- _Data shown_:
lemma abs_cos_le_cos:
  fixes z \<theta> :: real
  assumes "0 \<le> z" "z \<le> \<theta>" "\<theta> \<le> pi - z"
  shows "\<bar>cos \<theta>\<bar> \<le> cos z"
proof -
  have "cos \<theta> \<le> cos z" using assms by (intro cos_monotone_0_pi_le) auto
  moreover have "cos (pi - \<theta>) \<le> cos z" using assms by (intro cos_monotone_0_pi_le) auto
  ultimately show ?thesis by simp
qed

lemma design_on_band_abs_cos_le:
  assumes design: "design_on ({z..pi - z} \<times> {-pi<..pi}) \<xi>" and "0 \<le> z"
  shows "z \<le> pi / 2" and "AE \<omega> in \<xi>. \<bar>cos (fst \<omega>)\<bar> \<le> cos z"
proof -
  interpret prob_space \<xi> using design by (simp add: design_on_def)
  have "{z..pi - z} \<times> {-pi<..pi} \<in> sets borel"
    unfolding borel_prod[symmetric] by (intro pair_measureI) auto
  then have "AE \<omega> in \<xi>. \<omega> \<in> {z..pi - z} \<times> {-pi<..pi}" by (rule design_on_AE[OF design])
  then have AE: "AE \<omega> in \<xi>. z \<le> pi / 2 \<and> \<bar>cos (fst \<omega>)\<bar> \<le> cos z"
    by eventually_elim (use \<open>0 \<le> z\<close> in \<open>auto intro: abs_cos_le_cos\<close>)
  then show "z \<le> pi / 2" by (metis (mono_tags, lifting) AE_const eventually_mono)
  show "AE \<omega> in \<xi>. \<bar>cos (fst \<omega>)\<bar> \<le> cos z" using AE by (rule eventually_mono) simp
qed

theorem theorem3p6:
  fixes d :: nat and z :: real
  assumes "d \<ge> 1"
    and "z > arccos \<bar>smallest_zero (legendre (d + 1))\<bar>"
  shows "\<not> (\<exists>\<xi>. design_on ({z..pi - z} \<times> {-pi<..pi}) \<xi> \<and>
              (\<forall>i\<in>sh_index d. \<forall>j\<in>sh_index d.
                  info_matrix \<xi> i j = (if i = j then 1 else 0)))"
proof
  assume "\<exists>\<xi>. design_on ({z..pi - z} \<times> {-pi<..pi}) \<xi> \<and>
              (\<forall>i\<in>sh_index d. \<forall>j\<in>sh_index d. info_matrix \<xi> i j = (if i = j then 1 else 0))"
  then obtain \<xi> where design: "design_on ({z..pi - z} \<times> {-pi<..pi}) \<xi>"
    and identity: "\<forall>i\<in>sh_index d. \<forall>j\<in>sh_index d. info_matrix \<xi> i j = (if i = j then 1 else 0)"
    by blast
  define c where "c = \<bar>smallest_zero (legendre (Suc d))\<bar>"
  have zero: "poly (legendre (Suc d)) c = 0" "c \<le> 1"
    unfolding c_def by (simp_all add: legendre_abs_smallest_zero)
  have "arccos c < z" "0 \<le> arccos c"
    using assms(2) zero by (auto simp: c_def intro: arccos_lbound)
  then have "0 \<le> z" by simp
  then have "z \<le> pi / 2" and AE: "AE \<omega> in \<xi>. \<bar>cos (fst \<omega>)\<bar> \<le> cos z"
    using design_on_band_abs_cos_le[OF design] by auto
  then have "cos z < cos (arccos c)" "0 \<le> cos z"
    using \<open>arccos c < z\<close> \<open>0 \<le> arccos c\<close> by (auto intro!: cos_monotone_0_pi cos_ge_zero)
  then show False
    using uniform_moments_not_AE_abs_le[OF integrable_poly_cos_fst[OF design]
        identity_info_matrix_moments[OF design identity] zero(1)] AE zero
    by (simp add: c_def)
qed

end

- _Action item_: Look through the material above for the word "assms" and copy every line that has it.

- _Solution_:
  have "cos \<theta> \<le> cos z" using assms by (intro cos_monotone_0_pi_le) auto
  moreover have "cos (pi - \<theta>) \<le> cos z" using assms by (intro cos_monotone_0_pi_le) auto
    using assms(2) zero by (auto simp: c_def intro: arccos_lbound)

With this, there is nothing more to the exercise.